_DATA RECORDS_
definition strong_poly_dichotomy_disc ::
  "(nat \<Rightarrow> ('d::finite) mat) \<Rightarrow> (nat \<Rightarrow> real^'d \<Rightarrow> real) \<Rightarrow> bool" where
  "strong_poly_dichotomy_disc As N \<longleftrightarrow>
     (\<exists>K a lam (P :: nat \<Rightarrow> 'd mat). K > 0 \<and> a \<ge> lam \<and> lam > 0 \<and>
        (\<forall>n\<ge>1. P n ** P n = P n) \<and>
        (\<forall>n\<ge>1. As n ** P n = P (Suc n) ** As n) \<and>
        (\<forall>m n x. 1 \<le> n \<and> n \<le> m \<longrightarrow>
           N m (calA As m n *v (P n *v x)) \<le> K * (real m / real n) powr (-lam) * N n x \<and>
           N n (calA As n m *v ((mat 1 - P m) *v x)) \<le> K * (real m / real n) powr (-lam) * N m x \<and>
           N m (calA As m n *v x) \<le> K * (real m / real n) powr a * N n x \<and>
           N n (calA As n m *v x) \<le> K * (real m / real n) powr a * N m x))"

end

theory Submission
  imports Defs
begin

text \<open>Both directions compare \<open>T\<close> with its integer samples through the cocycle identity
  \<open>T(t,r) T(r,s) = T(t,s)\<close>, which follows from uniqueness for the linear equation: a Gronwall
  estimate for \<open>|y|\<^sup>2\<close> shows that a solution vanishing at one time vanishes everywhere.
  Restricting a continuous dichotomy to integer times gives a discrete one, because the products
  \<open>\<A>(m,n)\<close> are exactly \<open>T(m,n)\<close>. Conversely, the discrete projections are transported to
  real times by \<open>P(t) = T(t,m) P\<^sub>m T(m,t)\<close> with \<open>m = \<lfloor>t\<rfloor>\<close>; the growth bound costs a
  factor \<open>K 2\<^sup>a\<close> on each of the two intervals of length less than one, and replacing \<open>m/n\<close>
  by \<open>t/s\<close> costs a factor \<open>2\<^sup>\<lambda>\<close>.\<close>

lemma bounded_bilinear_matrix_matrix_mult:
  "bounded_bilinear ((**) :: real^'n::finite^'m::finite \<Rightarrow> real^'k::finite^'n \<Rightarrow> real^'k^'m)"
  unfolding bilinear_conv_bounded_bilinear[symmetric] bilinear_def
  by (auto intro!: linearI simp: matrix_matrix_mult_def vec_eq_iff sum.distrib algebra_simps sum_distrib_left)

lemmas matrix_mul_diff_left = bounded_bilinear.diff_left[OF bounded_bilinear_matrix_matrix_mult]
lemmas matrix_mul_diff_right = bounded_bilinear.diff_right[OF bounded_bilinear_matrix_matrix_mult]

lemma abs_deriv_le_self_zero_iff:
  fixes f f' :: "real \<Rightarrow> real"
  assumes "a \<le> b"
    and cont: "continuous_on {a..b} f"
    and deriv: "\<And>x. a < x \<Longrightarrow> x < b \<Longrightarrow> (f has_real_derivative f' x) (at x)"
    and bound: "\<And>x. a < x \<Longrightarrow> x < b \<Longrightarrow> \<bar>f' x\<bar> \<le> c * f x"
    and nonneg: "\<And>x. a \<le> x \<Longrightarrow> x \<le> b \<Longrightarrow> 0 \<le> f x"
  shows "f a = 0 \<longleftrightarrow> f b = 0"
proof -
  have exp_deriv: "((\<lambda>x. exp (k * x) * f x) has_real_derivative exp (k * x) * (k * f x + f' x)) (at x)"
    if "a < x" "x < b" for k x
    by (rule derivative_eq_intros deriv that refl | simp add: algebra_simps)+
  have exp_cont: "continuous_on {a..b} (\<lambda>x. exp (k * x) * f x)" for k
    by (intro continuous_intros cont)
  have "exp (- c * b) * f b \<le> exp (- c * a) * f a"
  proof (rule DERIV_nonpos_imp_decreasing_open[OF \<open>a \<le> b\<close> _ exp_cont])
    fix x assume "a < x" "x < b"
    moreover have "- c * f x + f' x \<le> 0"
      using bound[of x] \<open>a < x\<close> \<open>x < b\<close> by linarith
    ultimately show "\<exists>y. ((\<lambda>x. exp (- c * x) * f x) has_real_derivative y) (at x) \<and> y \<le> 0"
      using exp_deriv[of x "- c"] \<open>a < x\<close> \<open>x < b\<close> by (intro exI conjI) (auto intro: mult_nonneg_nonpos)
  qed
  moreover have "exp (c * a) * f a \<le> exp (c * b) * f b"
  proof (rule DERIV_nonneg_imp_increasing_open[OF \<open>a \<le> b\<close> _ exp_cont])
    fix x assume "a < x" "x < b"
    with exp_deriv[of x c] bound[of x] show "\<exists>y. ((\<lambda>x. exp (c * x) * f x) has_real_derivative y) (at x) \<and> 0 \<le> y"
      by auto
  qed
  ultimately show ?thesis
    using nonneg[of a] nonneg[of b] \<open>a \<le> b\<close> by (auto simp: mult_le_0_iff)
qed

...

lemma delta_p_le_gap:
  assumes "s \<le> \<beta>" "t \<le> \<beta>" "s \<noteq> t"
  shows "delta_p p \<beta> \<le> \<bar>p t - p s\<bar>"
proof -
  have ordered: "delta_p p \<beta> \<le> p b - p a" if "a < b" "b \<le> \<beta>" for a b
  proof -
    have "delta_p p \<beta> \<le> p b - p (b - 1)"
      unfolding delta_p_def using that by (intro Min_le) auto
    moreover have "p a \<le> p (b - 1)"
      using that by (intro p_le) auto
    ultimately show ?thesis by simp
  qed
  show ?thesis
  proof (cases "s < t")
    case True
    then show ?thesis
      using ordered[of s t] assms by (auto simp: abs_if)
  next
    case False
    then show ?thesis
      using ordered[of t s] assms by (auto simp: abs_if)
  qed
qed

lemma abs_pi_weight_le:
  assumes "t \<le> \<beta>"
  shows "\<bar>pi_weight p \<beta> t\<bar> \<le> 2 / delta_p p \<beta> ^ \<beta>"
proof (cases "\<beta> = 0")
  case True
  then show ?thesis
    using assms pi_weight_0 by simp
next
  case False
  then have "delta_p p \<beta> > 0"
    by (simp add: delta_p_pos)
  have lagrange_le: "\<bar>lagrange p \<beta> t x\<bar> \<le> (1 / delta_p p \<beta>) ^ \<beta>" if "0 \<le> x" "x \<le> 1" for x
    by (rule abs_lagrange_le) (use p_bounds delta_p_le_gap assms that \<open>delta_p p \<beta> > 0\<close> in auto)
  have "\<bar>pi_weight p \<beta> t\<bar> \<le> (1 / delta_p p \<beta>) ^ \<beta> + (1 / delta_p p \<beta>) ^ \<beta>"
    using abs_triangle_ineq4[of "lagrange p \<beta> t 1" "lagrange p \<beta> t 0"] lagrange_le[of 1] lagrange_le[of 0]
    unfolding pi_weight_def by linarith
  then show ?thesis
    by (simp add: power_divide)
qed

==

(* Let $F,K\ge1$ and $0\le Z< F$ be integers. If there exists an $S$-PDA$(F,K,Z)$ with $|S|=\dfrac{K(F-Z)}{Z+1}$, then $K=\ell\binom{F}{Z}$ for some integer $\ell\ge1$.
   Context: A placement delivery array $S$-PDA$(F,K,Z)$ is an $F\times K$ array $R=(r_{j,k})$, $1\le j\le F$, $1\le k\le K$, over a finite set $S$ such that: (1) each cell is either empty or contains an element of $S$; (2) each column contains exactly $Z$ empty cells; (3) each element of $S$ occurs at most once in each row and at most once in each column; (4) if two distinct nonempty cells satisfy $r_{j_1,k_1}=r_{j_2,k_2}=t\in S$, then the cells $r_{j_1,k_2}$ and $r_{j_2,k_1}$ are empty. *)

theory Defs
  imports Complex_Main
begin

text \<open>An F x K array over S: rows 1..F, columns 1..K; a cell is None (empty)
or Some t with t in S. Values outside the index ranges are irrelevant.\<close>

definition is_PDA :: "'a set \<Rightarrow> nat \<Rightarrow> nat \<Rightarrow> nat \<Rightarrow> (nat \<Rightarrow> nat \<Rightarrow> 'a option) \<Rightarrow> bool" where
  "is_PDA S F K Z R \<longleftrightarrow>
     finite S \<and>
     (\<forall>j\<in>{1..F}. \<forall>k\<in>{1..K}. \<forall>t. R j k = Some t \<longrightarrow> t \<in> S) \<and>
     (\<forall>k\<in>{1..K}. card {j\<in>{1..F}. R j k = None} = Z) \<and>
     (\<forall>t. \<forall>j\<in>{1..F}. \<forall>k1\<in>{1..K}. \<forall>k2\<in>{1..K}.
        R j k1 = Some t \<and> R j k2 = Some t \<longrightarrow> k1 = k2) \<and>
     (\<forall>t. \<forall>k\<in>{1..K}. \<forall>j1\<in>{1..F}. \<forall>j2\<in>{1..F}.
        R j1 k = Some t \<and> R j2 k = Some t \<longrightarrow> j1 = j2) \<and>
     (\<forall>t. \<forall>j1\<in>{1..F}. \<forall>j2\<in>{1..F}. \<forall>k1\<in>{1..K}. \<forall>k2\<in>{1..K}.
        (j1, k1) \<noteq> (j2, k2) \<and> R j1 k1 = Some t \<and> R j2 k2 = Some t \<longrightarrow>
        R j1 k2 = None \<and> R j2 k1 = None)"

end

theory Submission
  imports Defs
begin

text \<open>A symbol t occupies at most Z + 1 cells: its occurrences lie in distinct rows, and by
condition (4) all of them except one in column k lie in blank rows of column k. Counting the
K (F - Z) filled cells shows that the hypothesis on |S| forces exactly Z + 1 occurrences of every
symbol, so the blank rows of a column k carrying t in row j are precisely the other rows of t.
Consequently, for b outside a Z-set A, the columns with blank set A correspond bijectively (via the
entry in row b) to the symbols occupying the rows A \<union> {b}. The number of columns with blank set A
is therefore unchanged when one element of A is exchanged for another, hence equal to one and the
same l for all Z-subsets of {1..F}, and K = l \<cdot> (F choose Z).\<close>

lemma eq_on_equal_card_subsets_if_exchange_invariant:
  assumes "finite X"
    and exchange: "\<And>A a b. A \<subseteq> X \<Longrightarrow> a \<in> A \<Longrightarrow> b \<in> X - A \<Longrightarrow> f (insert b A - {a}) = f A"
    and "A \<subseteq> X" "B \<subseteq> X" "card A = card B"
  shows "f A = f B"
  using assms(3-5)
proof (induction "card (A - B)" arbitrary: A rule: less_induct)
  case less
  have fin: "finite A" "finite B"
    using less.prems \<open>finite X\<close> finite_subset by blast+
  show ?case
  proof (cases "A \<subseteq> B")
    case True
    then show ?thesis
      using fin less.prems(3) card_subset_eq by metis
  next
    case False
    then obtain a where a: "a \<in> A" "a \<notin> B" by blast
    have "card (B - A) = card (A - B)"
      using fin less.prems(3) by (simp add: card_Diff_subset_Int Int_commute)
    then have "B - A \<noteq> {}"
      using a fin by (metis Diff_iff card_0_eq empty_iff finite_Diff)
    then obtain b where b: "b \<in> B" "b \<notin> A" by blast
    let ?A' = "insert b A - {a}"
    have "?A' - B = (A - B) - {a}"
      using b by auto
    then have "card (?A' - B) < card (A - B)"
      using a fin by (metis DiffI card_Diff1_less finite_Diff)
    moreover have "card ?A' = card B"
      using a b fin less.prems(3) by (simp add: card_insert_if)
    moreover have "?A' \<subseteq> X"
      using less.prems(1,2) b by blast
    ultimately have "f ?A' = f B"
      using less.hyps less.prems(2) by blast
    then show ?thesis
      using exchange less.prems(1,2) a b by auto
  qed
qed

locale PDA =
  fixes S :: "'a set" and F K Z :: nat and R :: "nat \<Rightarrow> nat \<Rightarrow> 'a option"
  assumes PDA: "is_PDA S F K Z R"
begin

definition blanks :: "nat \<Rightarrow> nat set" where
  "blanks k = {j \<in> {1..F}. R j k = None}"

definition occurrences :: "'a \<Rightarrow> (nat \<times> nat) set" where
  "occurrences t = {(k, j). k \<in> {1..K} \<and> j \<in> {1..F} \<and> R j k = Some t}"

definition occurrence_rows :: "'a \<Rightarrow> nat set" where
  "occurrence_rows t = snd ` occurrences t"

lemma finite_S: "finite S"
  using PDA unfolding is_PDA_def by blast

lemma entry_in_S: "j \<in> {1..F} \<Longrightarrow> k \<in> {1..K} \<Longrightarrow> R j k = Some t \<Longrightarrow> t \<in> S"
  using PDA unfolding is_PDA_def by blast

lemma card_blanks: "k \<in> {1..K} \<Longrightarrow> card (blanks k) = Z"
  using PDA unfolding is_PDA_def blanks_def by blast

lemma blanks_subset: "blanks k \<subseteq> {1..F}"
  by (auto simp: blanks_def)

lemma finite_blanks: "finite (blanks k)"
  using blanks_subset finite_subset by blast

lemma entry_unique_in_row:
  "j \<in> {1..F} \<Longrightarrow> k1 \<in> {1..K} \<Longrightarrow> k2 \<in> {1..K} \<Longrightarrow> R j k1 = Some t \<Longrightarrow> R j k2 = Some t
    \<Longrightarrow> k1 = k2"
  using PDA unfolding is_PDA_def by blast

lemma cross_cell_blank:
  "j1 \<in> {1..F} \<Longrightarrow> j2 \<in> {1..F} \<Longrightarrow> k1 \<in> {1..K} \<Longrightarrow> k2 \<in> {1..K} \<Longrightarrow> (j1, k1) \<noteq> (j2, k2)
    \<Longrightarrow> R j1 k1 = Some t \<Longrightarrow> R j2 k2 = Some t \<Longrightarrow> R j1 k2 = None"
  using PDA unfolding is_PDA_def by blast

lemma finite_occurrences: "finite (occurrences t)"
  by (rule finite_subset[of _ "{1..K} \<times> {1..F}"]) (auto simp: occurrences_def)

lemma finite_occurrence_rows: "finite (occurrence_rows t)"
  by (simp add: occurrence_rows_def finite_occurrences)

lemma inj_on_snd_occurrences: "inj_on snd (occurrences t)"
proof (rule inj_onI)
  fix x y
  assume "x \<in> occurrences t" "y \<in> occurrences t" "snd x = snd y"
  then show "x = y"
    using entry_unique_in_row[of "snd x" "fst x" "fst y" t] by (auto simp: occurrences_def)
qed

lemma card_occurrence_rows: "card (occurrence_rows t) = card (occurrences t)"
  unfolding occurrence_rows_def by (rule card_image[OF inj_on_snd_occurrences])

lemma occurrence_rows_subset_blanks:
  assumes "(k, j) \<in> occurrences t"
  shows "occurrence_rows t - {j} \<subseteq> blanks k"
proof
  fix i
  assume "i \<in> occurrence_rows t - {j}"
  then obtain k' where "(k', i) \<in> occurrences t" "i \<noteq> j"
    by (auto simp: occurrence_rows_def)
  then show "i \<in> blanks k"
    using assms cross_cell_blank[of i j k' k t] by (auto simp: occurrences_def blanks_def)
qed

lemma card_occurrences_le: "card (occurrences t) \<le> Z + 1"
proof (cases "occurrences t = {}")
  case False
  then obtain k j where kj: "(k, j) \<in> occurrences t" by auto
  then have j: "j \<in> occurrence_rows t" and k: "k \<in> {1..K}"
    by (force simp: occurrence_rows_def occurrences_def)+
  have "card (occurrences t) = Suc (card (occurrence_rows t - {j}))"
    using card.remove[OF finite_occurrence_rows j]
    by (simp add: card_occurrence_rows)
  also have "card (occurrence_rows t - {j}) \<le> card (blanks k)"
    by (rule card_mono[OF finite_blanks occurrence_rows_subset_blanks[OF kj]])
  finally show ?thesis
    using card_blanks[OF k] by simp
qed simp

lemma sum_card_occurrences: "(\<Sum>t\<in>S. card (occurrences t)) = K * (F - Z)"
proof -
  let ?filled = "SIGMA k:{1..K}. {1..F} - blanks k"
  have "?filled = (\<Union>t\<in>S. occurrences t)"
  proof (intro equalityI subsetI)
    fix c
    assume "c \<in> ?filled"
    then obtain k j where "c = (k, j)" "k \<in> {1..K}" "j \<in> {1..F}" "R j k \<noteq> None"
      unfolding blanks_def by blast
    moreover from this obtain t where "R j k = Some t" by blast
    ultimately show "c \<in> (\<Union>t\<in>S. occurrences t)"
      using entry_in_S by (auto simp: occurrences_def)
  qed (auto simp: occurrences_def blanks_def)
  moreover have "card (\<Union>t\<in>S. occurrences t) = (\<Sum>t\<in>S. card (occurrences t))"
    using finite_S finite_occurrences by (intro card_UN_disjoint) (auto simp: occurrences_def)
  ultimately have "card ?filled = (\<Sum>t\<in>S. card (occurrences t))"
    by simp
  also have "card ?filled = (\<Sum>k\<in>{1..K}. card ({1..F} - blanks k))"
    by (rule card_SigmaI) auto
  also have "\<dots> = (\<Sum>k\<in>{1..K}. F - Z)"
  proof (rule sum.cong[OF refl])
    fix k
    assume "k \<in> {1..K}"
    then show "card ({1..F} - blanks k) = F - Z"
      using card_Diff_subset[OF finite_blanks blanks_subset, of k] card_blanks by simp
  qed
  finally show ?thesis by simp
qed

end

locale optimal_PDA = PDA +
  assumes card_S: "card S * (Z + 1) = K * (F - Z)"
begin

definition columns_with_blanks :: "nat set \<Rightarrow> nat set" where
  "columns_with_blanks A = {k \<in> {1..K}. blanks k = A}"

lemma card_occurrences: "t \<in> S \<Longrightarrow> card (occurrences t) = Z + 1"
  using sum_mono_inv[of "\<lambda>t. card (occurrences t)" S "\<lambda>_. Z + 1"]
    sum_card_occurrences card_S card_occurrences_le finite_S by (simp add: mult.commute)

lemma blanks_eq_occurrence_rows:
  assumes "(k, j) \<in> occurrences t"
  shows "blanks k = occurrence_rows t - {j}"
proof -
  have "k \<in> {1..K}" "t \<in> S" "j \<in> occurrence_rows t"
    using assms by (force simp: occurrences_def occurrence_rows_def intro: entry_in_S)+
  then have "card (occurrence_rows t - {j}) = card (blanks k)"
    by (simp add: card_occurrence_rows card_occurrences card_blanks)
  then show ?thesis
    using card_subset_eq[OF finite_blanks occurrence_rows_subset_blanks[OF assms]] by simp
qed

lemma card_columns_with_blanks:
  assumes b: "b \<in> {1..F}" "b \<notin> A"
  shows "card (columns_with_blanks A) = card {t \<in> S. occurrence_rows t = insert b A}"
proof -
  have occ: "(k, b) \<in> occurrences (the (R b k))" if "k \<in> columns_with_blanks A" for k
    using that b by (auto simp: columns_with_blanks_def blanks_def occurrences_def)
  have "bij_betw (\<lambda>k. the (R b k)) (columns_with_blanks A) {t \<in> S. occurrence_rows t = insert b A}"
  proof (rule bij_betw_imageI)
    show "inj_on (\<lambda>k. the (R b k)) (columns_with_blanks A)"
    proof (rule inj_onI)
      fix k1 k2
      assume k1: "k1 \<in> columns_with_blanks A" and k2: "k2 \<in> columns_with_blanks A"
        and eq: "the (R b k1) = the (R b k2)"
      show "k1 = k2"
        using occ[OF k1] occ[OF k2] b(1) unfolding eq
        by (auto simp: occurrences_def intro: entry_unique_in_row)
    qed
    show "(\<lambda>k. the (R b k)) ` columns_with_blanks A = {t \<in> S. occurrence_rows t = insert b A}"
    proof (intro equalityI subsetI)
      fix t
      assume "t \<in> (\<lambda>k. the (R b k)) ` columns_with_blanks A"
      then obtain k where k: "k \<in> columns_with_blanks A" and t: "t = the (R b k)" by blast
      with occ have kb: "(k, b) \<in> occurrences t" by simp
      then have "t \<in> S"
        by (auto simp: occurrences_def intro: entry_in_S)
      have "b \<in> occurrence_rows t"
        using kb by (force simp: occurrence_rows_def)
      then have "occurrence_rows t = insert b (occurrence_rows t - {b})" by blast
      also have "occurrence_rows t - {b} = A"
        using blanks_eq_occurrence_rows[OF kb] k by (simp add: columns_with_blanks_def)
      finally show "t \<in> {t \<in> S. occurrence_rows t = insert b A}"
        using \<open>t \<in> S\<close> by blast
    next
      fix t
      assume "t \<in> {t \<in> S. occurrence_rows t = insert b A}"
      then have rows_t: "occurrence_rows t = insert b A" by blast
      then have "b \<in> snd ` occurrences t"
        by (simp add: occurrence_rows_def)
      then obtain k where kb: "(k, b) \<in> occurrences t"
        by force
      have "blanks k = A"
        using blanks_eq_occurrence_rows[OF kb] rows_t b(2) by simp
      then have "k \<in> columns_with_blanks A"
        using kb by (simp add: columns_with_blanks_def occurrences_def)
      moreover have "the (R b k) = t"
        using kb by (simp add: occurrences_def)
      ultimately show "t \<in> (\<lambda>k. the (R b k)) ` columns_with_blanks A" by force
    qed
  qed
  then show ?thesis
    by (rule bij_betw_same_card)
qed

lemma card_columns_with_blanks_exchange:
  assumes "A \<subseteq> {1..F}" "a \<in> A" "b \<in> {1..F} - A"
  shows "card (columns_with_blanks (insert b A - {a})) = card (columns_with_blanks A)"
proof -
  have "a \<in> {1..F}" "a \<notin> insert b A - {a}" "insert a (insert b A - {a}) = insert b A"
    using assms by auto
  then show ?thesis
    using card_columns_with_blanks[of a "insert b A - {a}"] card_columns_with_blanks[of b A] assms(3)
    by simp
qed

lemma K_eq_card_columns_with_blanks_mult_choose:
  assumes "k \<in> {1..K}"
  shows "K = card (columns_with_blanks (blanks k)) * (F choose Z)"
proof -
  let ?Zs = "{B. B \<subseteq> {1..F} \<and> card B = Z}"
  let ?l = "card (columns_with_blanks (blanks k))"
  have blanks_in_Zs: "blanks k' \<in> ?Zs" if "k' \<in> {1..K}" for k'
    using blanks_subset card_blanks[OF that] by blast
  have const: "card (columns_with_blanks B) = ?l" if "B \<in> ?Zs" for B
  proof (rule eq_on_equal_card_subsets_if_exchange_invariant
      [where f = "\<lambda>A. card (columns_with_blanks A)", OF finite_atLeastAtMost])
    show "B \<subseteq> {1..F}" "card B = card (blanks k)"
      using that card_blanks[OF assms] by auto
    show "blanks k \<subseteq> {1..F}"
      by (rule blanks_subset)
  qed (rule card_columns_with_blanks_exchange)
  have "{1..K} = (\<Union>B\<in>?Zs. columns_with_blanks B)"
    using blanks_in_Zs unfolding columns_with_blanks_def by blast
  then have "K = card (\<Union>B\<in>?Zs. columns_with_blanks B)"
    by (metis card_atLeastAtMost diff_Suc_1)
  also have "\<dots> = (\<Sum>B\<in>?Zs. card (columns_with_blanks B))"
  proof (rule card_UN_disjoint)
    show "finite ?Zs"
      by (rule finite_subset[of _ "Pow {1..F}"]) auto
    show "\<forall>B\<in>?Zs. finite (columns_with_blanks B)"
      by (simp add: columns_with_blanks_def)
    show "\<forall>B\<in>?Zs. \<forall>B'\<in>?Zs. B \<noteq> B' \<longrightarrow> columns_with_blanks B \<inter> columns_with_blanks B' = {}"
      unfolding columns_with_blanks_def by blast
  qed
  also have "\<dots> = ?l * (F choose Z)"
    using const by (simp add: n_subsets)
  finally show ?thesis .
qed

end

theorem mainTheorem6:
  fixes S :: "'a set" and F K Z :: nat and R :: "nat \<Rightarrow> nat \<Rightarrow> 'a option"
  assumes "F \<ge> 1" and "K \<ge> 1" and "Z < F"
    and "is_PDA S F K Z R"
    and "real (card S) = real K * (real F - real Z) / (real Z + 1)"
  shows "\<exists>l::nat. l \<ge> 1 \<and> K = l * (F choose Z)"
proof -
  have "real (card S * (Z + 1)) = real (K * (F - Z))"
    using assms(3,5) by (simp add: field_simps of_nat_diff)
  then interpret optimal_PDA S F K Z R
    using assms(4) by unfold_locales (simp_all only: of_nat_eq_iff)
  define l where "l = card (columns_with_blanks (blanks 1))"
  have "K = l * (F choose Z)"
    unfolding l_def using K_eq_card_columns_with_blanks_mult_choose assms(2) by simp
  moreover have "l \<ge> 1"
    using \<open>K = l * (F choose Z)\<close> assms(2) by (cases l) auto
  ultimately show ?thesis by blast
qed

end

_ABOUT THIS TASK_
After reading the material above, tally the lines that include the string "lemmas" and give only the number.

_ANSWER TO THIS EXERCISE_
2